You can agree with your friend, sibling, or spouse about ninety-nine things, but just one area of conflicting views can still cause an argument.

I said this to say that disagreements are normal and part of most relationships.

However, something is very wrong when it becomes perpetual, or one party always disagrees with everything the other does or says.

If your wife disagrees with everything you say, you will most likely feel very frustrated.

But it does not necessarily mean that you have a bad marriage or that your wife is a terrible person.

There are several possible reasons for this, and looking into them can help you find a practicable solution.

“My Wife Disagrees With Everything I Say!” – 10 Reasons For This

1. Foundational differences

"My Wife Disagrees With Everything I Say!

If someone has a conflicting opinion with you eighty percent of the time, there is a high chance that you and that person have very different values and beliefs.

When people’s ideologies about life are not in tandem, they are very likely to disagree about many things.
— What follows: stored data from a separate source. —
lemma partial_sum_estimate:
  assumes "K \<ge> 0" and power_sum: "\<And>y. y \<ge> 1 \<Longrightarrow> \<bar>power_sum \<beta> y - M_beta \<beta> y - c\<bar> \<le> K * y powr \<beta>"
  obtains C where "\<And>x. x \<ge> 1 \<Longrightarrow>
    norm ((\<Sum>n=1..nat \<lfloor>x\<rfloor>. of_real (real n powr \<beta>) * phi_theta \<theta> n)
          - singular_series \<theta> * of_real (M_beta \<beta> x) - C)
    \<le> exp A * (main_term_const \<sigma> \<kappa> \<beta> + \<bar>c\<bar> * secondary_term_const \<sigma> \<kappa> \<beta> + K)
        * x powr (\<sigma> + \<beta>) * (ln x + 1) powr \<kappa>"
proof -
  obtain C1 where C1: "\<And>x. x \<ge> 1 \<Longrightarrow>
    norm ((\<Sum>d=1..nat \<lfloor>x\<rfloor>. \<theta> d * of_real (real d powr \<beta> * M_beta \<beta> (x / real d)))
          - singular_series \<theta> * of_real (M_beta \<beta> x) - C1)
    \<le> exp A * main_term_const \<sigma> \<kappa> \<beta> * x powr (\<sigma> + \<beta>) * (ln x + 1) powr \<kappa>"
    using main_term_estimate by blast
  obtain C2 where C2: "\<And>x. x \<ge> 1 \<Longrightarrow>
    norm ((\<Sum>d=1..nat \<lfloor>x\<rfloor>. \<theta> d * of_real (real d powr \<beta>)) - C2)
    \<le> exp A * secondary_term_const \<sigma> \<kappa> \<beta> * x powr (\<sigma> + \<beta>) * (ln x + 1) powr \<kappa>"
    using secondary_term_estimate by blast
  show ?thesis
  proof (rule that[of "C1 + of_real c * C2"])
    fix x :: real assume x: "x \<ge> 1"
    define E where "E = x powr (\<sigma> + \<beta>) * (ln x + 1) powr \<kappa>"
    define main where "main = (\<Sum>d=1..nat \<lfloor>x\<rfloor>. \<theta> d * of_real (real d powr \<beta> * M_beta \<beta> (x / real d)))
      - singular_series \<theta> * of_real (M_beta \<beta> x) - C1"
    define secondary where "secondary = (\<Sum>d=1..nat \<lfloor>x\<rfloor>. \<theta> d * of_real (real d powr \<beta>)) - C2"
    define remainder where "remainder = (\<Sum>d=1..nat \<lfloor>x\<rfloor>.
      \<theta> d * of_real (real d powr \<beta> * (power_sum \<beta> (x / real d) - M_beta \<beta> (x / real d) - c)))"
    have "(\<Sum>n=1..nat \<lfloor>x\<rfloor>. of_real (real n powr \<beta>) * phi_theta \<theta> n)
          - singular_series \<theta> * of_real (M_beta \<beta> x) - (C1 + of_real c * C2)
        = main + of_real c * secondary + remainder"
      using sum_powr_phi_theta_split[of x \<beta> \<theta> c] x
      by (simp add: main_def secondary_def remainder_def algebra_simps)
    also have "norm \<dots> \<le> norm main + \<bar>c\<bar> * norm secondary + norm remainder"
      using norm_triangle_ineq[of "main + of_real c * secondary" remainder]
        norm_triangle_ineq[of main "of_real c * secondary"] by (simp add: norm_mult)
    also have "\<dots> \<le> exp A * main_term_const \<sigma> \<kappa> \<beta> * E
        + \<bar>c\<bar> * (exp A * secondary_term_const \<sigma> \<kappa> \<beta> * E) + K * exp A * E"
    proof (intro add_mono mult_left_mono)
      show "norm remainder \<le> K * exp A * E"
        unfolding remainder_def E_def mult.assoc[symmetric] using x \<open>K \<ge> 0\<close>
        by (intro remainder_estimate) (auto simp: le_nat_floor_iff intro!: power_sum)
    qed (use C1[OF x] C2[OF x] in \<open>simp_all add: main_def secondary_def E_def mult.assoc\<close>)
    also have "\<dots> = exp A * (main_term_const \<sigma> \<kappa> \<beta> + \<bar>c\<bar> * secondary_term_const \<sigma> \<kappa> \<beta> + K)
          * x powr (\<sigma> + \<beta>) * (ln x + 1) powr \<kappa>"
      by (simp add: E_def algebra_simps)
    finally show "norm ((\<Sum>n=1..nat \<lfloor>x\<rfloor>. of_real (real n powr \<beta>) * phi_theta \<theta> n)
        - singular_series \<theta> * of_real (M_beta \<beta> x) - (C1 + of_real c * C2))
      \<le> exp A * (main_term_const \<sigma> \<kappa> \<beta> + \<bar>c\<bar> * secondary_term_const \<sigma> \<kappa> \<beta> + K)
          * x powr (\<sigma> + \<beta>) * (ln x + 1) powr \<kappa>" .
  qed
qed

lemma asymptotic_formula:
  assumes "K \<ge> 0" and "\<And>y. y \<ge> 1 \<Longrightarrow> \<bar>power_sum \<beta> y - M_beta \<beta> y - c\<bar> \<le> K * y powr \<beta>"
  shows "abs_convergent_prod (euler_factor \<theta>) \<and>
    (\<exists>C. \<forall>x\<ge>2. norm ((\<Sum>n=1..nat \<lfloor>x\<rfloor>. of_real (real n powr \<beta>) * phi_theta \<theta> n)
                        - singular_series \<theta> * of_real (M_beta \<beta> x) - C)
      \<le> exp A * (main_term_const \<sigma> \<kappa> \<beta> + \<bar>c\<bar> * secondary_term_const \<sigma> \<kappa> \<beta> + K) * (1 + 1 / ln 2) powr \<kappa>
          * x powr (\<sigma> + \<beta>) * ln x powr \<kappa>)"
proof -
  define K' where "K' = exp A * (main_term_const \<sigma> \<kappa> \<beta> + \<bar>c\<bar> * secondary_term_const \<sigma> \<kappa> \<beta> + K)"
  have "K' \<ge> 0"
    using assms(1) \<sigma>_less_1 main_term_const_nonneg secondary_term_const_nonneg by (simp add: K'_def)
  obtain C where C: "\<And>x. x \<ge> 1 \<Longrightarrow>
    norm ((\<Sum>n=1..nat \<lfloor>x\<rfloor>. of_real (real n powr \<beta>) * phi_theta \<theta> n)
          - singular_series \<theta> * of_real (M_beta \<beta> x) - C) \<le> K' * x powr (\<sigma> + \<beta>) * (ln x + 1) powr \<kappa>"
    using partial_sum_estimate[OF assms] unfolding K'_def by blast
  have "K' * x powr (\<sigma> + \<beta>) * (ln x + 1) powr \<kappa> \<le> K' * (1 + 1 / ln 2) powr \<kappa> * x powr (\<sigma> + \<beta>) * ln x powr \<kappa>"
    if "x \<ge> 2" for x
    using mult_left_mono[OF ln_add_one_powr_le[OF that \<kappa>_nonneg], of "K' * x powr (\<sigma> + \<beta>)"] \<open>K' \<ge> 0\<close>
    by (simp add: mult_ac)
  with C have "\<forall>x\<ge>2. norm ((\<Sum>n=1..nat \<lfloor>x\<rfloor>. of_real (real n powr \<beta>) * phi_theta \<theta> n)
          - singular_series \<theta> * of_real (M_beta \<beta> x) - C) \<le> K' * (1 + 1 / ln 2) powr \<kappa> * x powr (\<sigma> + \<beta>) * ln x powr \<kappa>"
    by (smt (verit) one_le_numeral)
  with abs_convergent_prod_euler_factor show ?thesis unfolding K'_def by blast
qed

end

theorem mainTheorem4:
  fixes \<sigma> \<kappa> A \<beta> :: real
  assumes "0 \<le> \<sigma>" "\<sigma> < 1" "\<kappa> \<ge> 0" "A \<ge> 0"
  shows "\<exists>K::real. \<forall>\<theta>::nat \<Rightarrow> complex.
           theta_admissible \<theta> \<and> condition1 \<theta> \<sigma> \<kappa> A \<longrightarrow>
             abs_convergent_prod (euler_factor \<theta>) \<and>
             (\<exists>C::complex. \<forall>x::real. x \<ge> 2 \<longrightarrow>
                norm ((\<Sum>n=1..nat \<lfloor>x\<rfloor>. of_real (real n powr \<beta>) * phi_theta \<theta> n)
                      - singular_series \<theta> * of_real (M_beta \<beta> x) - C)
                \<le> K * x powr (\<sigma> + \<beta>) * ln x powr \<kappa>)"
proof -
  obtain c K where "K \<ge> 0" and power_sum:
    "\<And>y. y \<ge> 1 \<Longrightarrow> \<bar>power_sum \<beta> y - M_beta \<beta> y - c\<bar> \<le> K * y powr \<beta>"
    using power_sum_asymp by blast
  have "theta_condition1 \<theta> \<sigma> \<kappa> A" if "theta_admissible \<theta> \<and> condition1 \<theta> \<sigma> \<kappa> A" for \<theta>
    using that assms by unfold_locales auto
  then show ?thesis
    using theta_condition1.asymptotic_formula[OF _ \<open>K \<ge> 0\<close> power_sum] by blast
qed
If you have conflicting values with a friend or just an acquaintance, you can easily manage that, but if the person you have foundational differences with is your partner, then there is a challenge.

Marriage is an intimate union that involves making a lot of decisions together.

From decisions as little as what brand of pasta to buy to major decisions like what country to live in, all of these will require lots of communication and agreement.

This is why having foundational mindset differences as a couple can be detrimental to the health and progress of your marriage.

If your wife constantly disagrees with what you say, you both have different mindsets about life, which is not so great.

Differences in opinion or values can hamper the growth of your marriage.

2. Unresolved conflicts

Your wife disagreeing with everything you say may just be her way of expressing bottled-up feelings and emotions.

Unresolved conflicts between you can easily build up to hidden resentments and unpleasant feelings.

And this can make her antagonize you.

She may be feeling unhappy about the state of your marriage or something unpleasant you did to her.

And this can make her feel aversive towards you and the decisions that you want to make.

So, her constant disagreements are a way to draw your attention to the issues that need to be sorted out.

If you are also in the early stages of your marriage, where you are still trying to acclimatize to each other, you may have frequent disagreements.

3. Personal stress"My Wife Disagrees With Everything I Say!

Personal stress affects people’s lives in different ways, and it affects their marriages as well.

Your wife may be going through some personal issues and stress that are taking a toll on her general well-being.

This can make her have issues with decision-making and feel unsure and unsatisfied with your decisions.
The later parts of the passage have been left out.